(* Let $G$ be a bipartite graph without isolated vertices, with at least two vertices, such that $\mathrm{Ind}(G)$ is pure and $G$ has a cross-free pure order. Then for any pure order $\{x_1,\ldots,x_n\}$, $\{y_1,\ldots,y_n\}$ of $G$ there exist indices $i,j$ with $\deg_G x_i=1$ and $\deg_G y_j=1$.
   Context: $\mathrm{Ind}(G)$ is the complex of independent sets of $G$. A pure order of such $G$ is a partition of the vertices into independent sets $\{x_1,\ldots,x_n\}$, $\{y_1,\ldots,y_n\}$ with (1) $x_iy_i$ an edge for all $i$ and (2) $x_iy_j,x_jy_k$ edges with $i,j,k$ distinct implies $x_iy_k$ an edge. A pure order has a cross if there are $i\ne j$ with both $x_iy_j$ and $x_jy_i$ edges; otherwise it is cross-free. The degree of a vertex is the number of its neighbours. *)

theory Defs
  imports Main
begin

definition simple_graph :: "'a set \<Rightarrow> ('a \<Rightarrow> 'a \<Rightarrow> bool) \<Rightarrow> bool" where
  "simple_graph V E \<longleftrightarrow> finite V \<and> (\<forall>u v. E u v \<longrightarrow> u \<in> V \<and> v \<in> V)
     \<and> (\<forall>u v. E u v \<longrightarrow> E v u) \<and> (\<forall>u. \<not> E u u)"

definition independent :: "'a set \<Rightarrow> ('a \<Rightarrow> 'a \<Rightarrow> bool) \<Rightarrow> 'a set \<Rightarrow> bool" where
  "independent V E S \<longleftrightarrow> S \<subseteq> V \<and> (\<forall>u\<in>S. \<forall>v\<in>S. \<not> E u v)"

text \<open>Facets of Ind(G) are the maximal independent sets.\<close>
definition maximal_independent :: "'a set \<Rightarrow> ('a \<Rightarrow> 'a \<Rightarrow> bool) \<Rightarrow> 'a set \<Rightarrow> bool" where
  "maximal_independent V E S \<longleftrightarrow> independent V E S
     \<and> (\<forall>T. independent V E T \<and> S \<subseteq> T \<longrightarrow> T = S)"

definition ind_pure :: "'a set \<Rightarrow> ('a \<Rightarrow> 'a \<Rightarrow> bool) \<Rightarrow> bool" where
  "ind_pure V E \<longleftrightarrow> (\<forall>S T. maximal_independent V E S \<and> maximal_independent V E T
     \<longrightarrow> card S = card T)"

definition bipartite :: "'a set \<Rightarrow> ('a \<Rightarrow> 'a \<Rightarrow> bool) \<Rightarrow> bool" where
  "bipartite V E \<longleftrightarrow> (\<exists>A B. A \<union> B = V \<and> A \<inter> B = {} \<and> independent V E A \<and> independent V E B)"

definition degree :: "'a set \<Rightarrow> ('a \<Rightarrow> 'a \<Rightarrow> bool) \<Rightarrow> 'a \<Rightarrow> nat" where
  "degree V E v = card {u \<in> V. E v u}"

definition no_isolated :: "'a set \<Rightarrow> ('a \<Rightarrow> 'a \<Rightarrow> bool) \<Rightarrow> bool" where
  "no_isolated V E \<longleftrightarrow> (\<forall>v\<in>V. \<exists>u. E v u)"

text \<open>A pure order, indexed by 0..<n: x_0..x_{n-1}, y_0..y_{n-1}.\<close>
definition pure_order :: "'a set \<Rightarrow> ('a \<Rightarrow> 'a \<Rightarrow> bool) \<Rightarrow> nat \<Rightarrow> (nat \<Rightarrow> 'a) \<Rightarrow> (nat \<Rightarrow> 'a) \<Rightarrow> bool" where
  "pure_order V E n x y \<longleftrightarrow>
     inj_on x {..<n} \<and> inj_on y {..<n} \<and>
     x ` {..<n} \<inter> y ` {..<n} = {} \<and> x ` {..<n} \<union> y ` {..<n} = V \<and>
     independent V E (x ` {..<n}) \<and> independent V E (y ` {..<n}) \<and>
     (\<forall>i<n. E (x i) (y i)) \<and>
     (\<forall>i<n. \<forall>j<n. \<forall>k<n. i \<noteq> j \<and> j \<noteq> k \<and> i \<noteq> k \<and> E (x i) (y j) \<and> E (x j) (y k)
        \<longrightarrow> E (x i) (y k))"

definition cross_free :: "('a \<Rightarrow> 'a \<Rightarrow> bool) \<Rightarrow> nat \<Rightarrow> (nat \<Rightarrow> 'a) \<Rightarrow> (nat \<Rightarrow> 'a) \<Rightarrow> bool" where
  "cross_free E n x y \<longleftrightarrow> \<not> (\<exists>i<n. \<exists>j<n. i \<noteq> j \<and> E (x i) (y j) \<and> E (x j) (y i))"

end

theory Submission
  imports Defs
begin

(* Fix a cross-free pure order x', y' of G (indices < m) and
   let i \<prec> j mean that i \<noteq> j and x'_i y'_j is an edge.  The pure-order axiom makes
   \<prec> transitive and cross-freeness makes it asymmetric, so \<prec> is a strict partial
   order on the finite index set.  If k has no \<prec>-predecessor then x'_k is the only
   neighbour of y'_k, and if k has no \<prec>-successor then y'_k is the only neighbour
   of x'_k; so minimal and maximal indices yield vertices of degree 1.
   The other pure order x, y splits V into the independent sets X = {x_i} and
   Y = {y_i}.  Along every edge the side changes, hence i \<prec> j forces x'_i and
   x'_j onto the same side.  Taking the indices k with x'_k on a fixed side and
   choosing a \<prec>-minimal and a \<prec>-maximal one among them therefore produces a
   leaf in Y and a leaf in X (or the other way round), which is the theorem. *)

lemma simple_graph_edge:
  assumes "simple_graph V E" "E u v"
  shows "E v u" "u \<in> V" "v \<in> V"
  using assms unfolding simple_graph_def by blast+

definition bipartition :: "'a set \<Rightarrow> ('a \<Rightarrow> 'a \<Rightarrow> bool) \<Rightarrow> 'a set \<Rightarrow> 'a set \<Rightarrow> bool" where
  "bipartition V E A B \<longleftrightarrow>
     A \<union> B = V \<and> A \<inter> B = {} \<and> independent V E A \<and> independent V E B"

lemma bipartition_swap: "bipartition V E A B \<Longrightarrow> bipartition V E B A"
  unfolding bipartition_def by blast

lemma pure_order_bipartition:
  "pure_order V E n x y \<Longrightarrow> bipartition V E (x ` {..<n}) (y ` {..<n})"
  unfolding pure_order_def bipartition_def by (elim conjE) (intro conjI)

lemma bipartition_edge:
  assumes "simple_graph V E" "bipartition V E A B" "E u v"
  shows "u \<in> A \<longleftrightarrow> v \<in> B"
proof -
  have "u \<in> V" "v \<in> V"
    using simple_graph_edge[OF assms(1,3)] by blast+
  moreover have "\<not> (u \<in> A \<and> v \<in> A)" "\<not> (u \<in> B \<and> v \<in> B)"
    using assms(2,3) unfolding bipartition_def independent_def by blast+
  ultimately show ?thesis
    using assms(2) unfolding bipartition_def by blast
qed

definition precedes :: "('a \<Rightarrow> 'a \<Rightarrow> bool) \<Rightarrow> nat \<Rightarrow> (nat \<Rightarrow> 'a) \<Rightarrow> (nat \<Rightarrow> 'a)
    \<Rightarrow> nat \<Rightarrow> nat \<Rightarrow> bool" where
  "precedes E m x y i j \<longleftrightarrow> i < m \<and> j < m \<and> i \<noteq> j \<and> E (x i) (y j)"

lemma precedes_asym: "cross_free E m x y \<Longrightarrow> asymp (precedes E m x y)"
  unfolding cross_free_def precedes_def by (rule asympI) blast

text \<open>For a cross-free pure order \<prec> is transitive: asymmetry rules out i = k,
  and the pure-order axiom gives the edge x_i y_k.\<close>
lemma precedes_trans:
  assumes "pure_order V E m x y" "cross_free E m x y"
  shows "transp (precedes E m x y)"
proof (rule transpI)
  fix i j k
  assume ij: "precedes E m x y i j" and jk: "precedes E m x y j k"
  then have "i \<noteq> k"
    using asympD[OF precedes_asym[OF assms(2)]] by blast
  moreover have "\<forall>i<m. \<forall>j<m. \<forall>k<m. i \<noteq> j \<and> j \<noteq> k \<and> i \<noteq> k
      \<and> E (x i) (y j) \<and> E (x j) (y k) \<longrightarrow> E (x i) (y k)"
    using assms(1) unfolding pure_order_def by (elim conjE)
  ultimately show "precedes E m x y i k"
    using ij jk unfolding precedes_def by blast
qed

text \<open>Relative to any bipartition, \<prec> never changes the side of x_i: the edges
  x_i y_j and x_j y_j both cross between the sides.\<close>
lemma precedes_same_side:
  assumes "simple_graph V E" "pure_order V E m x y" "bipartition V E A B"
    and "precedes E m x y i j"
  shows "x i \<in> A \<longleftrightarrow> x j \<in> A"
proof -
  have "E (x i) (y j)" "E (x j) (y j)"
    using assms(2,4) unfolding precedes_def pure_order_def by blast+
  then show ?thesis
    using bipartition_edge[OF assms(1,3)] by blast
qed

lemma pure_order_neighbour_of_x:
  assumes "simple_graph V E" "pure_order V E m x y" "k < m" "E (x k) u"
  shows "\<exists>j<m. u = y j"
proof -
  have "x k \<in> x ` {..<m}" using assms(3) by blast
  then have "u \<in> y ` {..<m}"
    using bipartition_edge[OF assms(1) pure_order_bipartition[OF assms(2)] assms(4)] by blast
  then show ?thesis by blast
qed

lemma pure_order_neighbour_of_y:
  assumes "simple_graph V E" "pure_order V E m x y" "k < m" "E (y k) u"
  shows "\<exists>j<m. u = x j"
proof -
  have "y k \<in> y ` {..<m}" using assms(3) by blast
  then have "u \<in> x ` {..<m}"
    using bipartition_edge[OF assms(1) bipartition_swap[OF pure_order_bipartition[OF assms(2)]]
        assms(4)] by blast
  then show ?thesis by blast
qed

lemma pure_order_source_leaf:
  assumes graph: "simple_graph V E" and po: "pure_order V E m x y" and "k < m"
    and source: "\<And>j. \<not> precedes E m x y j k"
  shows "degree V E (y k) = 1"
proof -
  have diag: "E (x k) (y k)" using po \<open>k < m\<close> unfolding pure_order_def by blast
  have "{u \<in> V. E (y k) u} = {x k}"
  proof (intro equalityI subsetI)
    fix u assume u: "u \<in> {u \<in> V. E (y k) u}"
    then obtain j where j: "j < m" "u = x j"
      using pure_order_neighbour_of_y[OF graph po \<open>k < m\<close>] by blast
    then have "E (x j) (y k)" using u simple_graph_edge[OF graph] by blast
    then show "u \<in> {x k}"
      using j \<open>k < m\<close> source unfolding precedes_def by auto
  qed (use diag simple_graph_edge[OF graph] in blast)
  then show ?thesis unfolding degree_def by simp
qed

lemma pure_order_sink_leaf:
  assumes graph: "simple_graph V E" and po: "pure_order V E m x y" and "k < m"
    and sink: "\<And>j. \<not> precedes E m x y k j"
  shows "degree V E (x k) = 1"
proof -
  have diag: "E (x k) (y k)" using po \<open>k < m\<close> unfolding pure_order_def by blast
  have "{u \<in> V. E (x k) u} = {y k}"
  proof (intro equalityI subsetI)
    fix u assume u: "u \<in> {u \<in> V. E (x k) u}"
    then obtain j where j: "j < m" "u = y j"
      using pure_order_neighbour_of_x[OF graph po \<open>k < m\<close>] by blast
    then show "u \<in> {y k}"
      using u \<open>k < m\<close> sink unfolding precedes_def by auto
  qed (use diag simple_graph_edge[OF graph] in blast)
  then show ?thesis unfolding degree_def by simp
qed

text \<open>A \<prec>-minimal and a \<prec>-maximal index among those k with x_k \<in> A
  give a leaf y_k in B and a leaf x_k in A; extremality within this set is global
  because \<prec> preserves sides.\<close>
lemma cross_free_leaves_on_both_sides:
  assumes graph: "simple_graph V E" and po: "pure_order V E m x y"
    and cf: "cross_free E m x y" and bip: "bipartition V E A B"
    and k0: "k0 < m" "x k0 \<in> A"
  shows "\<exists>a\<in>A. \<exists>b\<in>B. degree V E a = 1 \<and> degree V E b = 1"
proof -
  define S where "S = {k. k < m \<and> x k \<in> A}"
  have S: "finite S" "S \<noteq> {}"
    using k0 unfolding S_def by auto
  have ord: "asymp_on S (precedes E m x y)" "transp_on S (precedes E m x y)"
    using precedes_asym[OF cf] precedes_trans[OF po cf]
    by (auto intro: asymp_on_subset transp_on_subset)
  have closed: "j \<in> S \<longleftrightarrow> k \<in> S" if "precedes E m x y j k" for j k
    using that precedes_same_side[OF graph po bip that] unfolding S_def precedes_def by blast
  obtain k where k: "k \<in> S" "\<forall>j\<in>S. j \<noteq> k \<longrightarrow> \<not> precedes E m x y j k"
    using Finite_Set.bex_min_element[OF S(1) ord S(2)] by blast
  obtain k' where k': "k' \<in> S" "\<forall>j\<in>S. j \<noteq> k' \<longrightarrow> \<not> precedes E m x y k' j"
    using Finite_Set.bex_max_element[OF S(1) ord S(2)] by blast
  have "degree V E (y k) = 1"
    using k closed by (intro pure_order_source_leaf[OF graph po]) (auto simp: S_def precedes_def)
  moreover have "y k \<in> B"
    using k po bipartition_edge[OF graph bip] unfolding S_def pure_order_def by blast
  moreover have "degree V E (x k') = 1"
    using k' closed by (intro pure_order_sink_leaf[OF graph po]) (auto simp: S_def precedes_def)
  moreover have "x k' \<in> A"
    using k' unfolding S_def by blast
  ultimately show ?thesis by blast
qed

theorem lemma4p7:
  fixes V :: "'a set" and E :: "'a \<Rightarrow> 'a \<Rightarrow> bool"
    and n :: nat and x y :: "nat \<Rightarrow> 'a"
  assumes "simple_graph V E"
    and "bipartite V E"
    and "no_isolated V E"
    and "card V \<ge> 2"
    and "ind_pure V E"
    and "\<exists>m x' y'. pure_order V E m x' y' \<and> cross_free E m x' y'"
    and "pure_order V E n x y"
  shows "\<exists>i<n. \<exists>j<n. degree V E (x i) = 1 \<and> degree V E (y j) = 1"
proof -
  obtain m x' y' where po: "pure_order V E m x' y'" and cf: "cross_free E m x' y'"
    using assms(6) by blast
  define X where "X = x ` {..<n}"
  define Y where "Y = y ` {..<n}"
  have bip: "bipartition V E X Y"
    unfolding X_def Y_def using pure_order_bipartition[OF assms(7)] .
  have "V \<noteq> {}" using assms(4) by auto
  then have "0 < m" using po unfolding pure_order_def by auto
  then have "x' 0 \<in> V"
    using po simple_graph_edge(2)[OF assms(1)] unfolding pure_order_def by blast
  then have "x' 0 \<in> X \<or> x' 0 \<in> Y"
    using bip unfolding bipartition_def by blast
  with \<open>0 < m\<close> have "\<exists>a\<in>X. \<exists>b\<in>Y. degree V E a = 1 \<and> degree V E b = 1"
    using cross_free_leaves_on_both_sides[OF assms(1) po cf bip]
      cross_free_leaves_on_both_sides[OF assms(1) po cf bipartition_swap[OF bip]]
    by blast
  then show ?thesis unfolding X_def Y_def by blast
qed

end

# Goal of the exercise
Using the entries above, copy out all lines that contain the string "noteq".

# Solution to this task
     (\<forall>i<n. \<forall>j<n. \<forall>k<n. i \<noteq> j \<and> j \<noteq> k \<and> i \<noteq> k \<and> E (x i) (y j) \<and> E (x j) (y k)
  "cross_free E n x y \<longleftrightarrow> \<not> (\<exists>i<n. \<exists>j<n. i \<noteq> j \<and> E (x i) (y j) \<and> E (x j) (y i))"
   let i \<prec> j mean that i \<noteq> j and x'_i y'_j is an edge.  The pure-order axiom makes
  "precedes E m x y i j \<longleftrightarrow> i < m \<and> j < m \<and> i \<noteq> j \<and> E (x i) (y j)"
  then have "i \<noteq> k"
  moreover have "\<forall>i<m. \<forall>j<m. \<forall>k<m. i \<noteq> j \<and> j \<noteq> k \<and> i \<noteq> k
  have S: "finite S" "S \<noteq> {}"
  obtain k where k: "k \<in> S" "\<forall>j\<in>S. j \<noteq> k \<longrightarrow> \<not> precedes E m x y j k"
  obtain k' where k': "k' \<in> S" "\<forall>j\<in>S. j \<noteq> k' \<longrightarrow> \<not> precedes E m x y k' j"
  have "V \<noteq> {}" using assms(4) by auto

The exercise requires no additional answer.